§ **Stored data**:
----
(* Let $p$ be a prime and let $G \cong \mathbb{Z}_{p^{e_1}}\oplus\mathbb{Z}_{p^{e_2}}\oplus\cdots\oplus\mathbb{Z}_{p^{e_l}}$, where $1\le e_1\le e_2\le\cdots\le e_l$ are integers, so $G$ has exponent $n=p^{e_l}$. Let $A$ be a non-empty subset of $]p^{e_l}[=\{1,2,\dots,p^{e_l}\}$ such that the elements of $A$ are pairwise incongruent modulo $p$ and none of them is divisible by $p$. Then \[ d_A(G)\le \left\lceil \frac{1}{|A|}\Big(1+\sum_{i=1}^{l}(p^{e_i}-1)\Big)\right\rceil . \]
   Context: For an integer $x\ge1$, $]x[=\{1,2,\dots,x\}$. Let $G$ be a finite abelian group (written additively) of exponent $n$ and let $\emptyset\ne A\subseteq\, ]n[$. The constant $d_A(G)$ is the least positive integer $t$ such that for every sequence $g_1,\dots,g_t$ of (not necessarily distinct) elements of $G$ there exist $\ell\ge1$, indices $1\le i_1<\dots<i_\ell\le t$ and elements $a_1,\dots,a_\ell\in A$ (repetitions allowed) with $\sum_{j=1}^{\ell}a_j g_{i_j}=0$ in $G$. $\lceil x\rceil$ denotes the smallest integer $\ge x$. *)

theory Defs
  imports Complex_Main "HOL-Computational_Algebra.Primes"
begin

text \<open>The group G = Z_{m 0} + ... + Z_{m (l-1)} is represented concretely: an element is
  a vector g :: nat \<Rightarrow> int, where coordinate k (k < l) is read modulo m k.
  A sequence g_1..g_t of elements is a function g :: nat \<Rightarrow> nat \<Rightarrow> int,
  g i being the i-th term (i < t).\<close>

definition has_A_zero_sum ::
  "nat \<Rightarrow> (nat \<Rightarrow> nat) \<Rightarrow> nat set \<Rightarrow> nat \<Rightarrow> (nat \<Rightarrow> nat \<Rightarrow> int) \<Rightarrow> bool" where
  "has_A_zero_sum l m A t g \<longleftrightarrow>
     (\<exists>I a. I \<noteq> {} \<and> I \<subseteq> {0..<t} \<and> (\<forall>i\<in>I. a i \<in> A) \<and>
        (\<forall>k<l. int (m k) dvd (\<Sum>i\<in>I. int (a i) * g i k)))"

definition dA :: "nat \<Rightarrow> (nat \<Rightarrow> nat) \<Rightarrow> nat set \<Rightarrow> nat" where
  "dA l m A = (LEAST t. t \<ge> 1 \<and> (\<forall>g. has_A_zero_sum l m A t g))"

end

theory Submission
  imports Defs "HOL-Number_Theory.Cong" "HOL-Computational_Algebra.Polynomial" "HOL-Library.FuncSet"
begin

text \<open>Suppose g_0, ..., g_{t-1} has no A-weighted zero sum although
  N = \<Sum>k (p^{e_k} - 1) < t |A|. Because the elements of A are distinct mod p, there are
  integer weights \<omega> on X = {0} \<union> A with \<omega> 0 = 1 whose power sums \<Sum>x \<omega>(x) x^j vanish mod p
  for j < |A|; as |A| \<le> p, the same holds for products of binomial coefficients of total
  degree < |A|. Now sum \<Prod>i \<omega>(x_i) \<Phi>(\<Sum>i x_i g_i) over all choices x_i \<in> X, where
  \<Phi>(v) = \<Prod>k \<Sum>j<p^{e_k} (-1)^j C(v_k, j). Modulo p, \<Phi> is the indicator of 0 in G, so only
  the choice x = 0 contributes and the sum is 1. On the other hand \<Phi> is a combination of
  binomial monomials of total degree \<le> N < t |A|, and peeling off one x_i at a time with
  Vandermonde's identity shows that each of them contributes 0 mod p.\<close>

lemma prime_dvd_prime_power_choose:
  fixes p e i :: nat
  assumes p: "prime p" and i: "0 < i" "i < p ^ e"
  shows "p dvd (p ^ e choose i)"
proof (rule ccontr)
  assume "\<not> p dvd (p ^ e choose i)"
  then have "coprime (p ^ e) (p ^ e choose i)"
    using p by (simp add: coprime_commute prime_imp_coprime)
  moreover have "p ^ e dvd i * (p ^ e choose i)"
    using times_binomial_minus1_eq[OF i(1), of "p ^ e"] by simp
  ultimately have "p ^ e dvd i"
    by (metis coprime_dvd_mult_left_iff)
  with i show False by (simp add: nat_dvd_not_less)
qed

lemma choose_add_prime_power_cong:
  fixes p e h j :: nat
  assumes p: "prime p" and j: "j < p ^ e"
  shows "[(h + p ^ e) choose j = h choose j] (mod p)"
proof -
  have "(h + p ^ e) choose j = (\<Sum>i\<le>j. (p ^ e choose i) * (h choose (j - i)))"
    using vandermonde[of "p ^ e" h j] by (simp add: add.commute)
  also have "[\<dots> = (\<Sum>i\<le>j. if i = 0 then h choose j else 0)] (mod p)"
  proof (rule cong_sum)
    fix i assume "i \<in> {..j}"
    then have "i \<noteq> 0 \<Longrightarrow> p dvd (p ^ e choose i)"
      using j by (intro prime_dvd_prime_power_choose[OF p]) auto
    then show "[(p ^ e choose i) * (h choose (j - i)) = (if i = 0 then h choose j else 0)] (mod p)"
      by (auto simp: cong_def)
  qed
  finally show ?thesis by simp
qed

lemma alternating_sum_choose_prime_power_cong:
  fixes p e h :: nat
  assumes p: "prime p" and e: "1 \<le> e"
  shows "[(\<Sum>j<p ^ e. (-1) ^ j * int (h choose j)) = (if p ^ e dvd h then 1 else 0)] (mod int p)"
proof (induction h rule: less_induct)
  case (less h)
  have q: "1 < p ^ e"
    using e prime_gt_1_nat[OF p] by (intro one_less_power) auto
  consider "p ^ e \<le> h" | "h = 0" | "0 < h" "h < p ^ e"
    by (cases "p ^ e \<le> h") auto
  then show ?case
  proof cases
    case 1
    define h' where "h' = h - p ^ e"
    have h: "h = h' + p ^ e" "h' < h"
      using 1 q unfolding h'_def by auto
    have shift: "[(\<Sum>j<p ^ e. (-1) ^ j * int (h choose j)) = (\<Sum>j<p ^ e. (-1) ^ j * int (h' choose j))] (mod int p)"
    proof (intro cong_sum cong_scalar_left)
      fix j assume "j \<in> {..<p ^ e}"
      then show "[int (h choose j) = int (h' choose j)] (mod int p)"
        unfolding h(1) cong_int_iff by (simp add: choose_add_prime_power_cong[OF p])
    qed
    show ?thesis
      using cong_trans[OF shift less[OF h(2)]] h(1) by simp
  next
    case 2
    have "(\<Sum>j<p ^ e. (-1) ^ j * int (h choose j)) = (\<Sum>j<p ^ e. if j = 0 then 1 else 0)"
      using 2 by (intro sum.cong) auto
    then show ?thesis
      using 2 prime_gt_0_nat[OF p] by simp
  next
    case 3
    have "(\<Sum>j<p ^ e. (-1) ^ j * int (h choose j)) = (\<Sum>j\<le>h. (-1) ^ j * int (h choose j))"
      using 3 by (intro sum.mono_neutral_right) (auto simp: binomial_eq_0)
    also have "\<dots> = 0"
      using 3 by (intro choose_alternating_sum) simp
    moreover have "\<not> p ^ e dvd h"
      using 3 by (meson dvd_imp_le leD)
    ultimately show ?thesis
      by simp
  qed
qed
----
§ **ABOUT THIS EXERCISE**: Begin with the first line of the records and reproduce each line as is, ending with the line that holds "zero sum although".

§ **EXERCISE OUTPUT**:
(* Let $p$ be a prime and let $G \cong \mathbb{Z}_{p^{e_1}}\oplus\mathbb{Z}_{p^{e_2}}\oplus\cdots\oplus\mathbb{Z}_{p^{e_l}}$, where $1\le e_1\le e_2\le\cdots\le e_l$ are integers, so $G$ has exponent $n=p^{e_l}$. Let $A$ be a non-empty subset of $]p^{e_l}[=\{1,2,\dots,p^{e_l}\}$ such that the elements of $A$ are pairwise incongruent modulo $p$ and none of them is divisible by $p$. Then \[ d_A(G)\le \left\lceil \frac{1}{|A|}\Big(1+\sum_{i=1}^{l}(p^{e_i}-1)\Big)\right\rceil . \]
   Context: For an integer $x\ge1$, $]x[=\{1,2,\dots,x\}$. Let $G$ be a finite abelian group (written additively) of exponent $n$ and let $\emptyset\ne A\subseteq\, ]n[$. The constant $d_A(G)$ is the least positive integer $t$ such that for every sequence $g_1,\dots,g_t$ of (not necessarily distinct) elements of $G$ there exist $\ell\ge1$, indices $1\le i_1<\dots<i_\ell\le t$ and elements $a_1,\dots,a_\ell\in A$ (repetitions allowed) with $\sum_{j=1}^{\ell}a_j g_{i_j}=0$ in $G$. $\lceil x\rceil$ denotes the smallest integer $\ge x$. *)

theory Defs
  imports Complex_Main "HOL-Computational_Algebra.Primes"
begin

text \<open>The group G = Z_{m 0} + ... + Z_{m (l-1)} is represented concretely: an element is
  a vector g :: nat \<Rightarrow> int, where coordinate k (k < l) is read modulo m k.
  A sequence g_1..g_t of elements is a function g :: nat \<Rightarrow> nat \<Rightarrow> int,
  g i being the i-th term (i < t).\<close>

definition has_A_zero_sum ::
  "nat \<Rightarrow> (nat \<Rightarrow> nat) \<Rightarrow> nat set \<Rightarrow> nat \<Rightarrow> (nat \<Rightarrow> nat \<Rightarrow> int) \<Rightarrow> bool" where
  "has_A_zero_sum l m A t g \<longleftrightarrow>
     (\<exists>I a. I \<noteq> {} \<and> I \<subseteq> {0..<t} \<and> (\<forall>i\<in>I. a i \<in> A) \<and>
        (\<forall>k<l. int (m k) dvd (\<Sum>i\<in>I. int (a i) * g i k)))"

definition dA :: "nat \<Rightarrow> (nat \<Rightarrow> nat) \<Rightarrow> nat set \<Rightarrow> nat" where
  "dA l m A = (LEAST t. t \<ge> 1 \<and> (\<forall>g. has_A_zero_sum l m A t g))"

end

theory Submission
  imports Defs "HOL-Number_Theory.Cong" "HOL-Computational_Algebra.Polynomial" "HOL-Library.FuncSet"
begin

text \<open>Suppose g_0, ..., g_{t-1} has no A-weighted zero sum although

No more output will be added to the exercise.